*Problem to work on:* Please write out exactly the lines of the data below from the line holding "list \<Rightarrow> edge" through the line holding "ppt v \<notin>", and leave out the rest.

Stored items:
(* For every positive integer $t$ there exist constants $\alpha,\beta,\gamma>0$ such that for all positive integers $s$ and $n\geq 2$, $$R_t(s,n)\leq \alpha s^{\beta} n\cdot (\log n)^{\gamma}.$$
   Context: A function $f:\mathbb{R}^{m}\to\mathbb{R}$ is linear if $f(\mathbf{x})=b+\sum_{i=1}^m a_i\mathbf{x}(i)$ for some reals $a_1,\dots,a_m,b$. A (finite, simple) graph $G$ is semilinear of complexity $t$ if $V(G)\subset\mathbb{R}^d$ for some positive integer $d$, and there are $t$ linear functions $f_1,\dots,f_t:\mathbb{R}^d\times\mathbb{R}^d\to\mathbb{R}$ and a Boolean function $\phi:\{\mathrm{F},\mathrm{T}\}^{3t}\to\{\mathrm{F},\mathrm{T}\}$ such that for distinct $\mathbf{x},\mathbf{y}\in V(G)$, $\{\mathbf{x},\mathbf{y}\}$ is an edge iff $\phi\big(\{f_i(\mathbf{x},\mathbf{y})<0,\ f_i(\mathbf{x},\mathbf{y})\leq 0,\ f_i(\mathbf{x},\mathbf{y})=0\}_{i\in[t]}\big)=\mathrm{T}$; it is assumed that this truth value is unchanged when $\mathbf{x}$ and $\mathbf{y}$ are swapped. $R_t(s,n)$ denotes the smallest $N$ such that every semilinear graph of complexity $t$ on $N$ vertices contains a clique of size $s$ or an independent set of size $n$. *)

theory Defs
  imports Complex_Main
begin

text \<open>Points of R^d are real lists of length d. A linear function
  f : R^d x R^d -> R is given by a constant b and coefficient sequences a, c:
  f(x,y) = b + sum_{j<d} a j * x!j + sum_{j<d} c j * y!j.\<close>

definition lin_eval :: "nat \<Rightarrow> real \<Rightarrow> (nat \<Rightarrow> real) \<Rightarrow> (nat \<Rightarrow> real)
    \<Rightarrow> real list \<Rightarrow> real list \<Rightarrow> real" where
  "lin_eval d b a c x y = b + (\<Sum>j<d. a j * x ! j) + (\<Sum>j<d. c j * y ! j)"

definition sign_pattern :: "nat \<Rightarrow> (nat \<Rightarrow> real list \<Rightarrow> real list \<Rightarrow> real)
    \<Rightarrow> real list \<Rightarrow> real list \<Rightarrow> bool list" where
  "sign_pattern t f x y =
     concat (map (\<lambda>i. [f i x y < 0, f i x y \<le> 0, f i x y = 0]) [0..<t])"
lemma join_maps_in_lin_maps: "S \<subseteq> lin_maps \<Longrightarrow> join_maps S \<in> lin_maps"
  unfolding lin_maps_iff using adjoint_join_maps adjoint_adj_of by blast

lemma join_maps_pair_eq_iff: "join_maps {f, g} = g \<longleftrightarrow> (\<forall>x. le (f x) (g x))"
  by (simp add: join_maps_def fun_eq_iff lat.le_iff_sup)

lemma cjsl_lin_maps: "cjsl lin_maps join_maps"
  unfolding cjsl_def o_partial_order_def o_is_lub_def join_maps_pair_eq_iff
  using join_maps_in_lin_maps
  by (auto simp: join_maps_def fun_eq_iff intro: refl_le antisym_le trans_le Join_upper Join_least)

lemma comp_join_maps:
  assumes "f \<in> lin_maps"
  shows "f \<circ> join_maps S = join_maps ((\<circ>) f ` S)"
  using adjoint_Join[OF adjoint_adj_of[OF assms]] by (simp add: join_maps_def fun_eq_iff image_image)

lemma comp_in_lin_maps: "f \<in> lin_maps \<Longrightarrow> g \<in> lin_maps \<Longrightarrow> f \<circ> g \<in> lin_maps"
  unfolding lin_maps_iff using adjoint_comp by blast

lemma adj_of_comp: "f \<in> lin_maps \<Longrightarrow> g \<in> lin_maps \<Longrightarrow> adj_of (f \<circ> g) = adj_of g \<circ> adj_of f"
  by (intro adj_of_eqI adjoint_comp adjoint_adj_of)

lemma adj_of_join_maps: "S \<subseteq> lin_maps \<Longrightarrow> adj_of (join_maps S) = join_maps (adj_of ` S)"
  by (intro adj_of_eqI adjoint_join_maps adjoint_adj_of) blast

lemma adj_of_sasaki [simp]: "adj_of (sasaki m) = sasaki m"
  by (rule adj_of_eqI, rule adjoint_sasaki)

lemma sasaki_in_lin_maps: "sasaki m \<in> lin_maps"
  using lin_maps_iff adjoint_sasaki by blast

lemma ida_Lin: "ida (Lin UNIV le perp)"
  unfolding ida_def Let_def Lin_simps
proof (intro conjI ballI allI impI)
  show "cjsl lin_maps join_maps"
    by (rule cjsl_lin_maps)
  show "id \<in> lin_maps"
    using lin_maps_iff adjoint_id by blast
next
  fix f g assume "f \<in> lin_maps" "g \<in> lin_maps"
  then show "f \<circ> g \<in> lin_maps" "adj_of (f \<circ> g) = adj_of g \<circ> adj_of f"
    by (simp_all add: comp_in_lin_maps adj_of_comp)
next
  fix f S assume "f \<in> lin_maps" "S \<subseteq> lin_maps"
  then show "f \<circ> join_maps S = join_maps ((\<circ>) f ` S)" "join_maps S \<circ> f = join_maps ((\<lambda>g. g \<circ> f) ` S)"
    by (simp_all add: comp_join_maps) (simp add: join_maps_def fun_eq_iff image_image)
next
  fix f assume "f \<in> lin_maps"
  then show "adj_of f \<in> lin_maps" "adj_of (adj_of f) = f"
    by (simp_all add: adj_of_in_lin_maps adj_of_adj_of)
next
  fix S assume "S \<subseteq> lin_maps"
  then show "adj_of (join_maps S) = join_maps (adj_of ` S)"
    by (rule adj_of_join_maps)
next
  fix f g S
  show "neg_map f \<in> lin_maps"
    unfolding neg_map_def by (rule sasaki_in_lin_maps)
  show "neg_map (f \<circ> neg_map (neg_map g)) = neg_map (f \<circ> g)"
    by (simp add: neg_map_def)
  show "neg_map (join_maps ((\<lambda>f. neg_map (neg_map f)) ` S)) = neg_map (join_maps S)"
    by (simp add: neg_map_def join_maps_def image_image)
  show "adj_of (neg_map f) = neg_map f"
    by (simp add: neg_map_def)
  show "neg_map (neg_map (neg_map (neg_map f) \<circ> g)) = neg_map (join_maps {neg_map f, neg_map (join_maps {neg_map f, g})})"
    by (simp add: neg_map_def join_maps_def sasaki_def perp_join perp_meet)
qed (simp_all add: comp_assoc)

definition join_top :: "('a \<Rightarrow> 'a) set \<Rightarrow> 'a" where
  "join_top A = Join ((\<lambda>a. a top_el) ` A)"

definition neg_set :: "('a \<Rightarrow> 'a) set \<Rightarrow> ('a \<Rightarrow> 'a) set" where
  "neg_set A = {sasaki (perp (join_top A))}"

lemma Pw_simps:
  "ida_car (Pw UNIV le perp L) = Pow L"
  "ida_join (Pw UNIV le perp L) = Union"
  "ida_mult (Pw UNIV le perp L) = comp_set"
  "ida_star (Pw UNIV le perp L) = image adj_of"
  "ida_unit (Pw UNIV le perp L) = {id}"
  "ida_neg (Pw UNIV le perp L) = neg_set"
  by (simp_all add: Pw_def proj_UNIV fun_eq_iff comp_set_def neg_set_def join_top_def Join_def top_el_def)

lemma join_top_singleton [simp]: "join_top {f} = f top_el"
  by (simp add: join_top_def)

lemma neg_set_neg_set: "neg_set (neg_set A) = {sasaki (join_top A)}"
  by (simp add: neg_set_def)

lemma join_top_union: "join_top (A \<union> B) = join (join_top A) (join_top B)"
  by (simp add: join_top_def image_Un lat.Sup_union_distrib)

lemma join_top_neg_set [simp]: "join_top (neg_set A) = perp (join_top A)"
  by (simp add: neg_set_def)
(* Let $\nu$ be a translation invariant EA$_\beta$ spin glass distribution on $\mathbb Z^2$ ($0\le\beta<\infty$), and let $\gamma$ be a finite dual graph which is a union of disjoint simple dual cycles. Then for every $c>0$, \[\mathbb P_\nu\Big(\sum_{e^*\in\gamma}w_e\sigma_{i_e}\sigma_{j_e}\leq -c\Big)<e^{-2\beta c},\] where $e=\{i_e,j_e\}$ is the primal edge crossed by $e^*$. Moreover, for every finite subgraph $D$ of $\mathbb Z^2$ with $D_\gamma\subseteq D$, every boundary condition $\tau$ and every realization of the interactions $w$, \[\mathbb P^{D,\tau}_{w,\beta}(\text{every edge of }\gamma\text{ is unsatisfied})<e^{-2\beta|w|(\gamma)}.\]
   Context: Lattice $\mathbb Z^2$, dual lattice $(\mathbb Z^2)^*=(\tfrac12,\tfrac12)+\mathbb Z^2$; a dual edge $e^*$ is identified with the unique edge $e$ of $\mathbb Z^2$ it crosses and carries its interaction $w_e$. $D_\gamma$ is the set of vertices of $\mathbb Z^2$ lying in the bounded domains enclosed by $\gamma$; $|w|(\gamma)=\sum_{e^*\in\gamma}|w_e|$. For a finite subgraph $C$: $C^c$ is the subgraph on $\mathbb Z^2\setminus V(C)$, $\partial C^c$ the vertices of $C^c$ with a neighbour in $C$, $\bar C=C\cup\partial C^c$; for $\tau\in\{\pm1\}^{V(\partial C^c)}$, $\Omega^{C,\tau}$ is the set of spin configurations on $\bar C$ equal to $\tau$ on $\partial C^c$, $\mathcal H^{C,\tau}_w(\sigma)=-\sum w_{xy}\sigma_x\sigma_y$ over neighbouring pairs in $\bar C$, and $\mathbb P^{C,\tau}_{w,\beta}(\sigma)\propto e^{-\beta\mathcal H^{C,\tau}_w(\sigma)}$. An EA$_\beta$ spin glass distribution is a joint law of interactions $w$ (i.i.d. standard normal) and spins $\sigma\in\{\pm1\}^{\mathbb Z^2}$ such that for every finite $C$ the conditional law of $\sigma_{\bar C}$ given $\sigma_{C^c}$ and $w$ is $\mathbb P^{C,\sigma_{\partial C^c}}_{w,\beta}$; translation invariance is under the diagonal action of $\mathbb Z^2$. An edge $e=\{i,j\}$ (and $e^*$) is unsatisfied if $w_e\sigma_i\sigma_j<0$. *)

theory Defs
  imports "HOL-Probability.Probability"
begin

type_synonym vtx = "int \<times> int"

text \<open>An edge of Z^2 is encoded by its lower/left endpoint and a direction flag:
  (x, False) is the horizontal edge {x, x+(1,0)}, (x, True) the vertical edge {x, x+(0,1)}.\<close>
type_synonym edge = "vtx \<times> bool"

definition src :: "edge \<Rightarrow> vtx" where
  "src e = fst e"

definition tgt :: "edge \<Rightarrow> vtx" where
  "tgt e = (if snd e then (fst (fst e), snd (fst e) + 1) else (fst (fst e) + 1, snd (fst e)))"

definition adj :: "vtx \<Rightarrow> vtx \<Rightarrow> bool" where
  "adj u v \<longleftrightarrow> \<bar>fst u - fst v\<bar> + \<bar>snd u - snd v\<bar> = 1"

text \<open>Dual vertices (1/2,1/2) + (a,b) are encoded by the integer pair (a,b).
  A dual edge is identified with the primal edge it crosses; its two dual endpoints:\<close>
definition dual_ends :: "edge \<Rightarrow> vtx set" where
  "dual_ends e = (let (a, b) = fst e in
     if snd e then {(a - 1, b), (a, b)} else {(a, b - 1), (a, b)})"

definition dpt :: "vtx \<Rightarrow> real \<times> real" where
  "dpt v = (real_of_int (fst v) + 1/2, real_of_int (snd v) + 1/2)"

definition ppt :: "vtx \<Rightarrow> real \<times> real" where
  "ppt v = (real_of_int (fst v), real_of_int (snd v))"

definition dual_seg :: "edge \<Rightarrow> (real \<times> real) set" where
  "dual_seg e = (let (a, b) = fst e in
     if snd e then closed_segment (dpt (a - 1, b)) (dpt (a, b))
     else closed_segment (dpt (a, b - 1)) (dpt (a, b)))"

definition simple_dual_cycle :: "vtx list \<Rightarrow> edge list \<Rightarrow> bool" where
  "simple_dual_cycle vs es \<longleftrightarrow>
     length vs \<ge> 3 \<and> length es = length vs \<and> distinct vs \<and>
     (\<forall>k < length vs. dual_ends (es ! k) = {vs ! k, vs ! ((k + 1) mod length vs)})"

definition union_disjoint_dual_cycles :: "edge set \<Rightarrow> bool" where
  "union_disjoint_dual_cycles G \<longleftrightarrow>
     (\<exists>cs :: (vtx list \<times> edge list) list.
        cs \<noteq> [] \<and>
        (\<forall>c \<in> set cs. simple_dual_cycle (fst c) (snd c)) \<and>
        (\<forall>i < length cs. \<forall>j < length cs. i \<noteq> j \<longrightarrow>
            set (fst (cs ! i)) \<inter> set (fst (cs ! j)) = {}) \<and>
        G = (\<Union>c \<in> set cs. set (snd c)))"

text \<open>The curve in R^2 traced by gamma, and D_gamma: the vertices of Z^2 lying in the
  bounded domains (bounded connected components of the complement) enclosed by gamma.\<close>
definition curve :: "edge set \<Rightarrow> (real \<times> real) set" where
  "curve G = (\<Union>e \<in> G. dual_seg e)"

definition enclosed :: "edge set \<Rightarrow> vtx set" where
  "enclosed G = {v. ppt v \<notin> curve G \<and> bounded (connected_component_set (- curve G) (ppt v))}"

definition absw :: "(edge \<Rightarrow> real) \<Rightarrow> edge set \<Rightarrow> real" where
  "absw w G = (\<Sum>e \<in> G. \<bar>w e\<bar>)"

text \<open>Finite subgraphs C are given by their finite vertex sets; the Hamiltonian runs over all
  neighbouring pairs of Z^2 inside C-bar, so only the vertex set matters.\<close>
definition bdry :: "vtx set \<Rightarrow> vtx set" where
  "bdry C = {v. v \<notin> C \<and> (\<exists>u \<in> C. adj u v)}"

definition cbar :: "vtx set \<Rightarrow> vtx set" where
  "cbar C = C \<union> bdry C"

*Reply to the exercise:*
definition simple_dual_cycle :: "vtx list \<Rightarrow> edge list \<Rightarrow> bool" where
  "simple_dual_cycle vs es \<longleftrightarrow>
     length vs \<ge> 3 \<and> length es = length vs \<and> distinct vs \<and>
     (\<forall>k < length vs. dual_ends (es ! k) = {vs ! k, vs ! ((k + 1) mod length vs)})"

definition union_disjoint_dual_cycles :: "edge set \<Rightarrow> bool" where
  "union_disjoint_dual_cycles G \<longleftrightarrow>
     (\<exists>cs :: (vtx list \<times> edge list) list.
        cs \<noteq> [] \<and>
        (\<forall>c \<in> set cs. simple_dual_cycle (fst c) (snd c)) \<and>
        (\<forall>i < length cs. \<forall>j < length cs. i \<noteq> j \<longrightarrow>
            set (fst (cs ! i)) \<inter> set (fst (cs ! j)) = {}) \<and>
        G = (\<Union>c \<in> set cs. set (snd c)))"

text \<open>The curve in R^2 traced by gamma, and D_gamma: the vertices of Z^2 lying in the
  bounded domains (bounded connected components of the complement) enclosed by gamma.\<close>
definition curve :: "edge set \<Rightarrow> (real \<times> real) set" where
  "curve G = (\<Union>e \<in> G. dual_seg e)"

definition enclosed :: "edge set \<Rightarrow> vtx set" where
  "enclosed G = {v. ppt v \<notin> curve G \<and> bounded (connected_component_set (- curve G) (ppt v))}"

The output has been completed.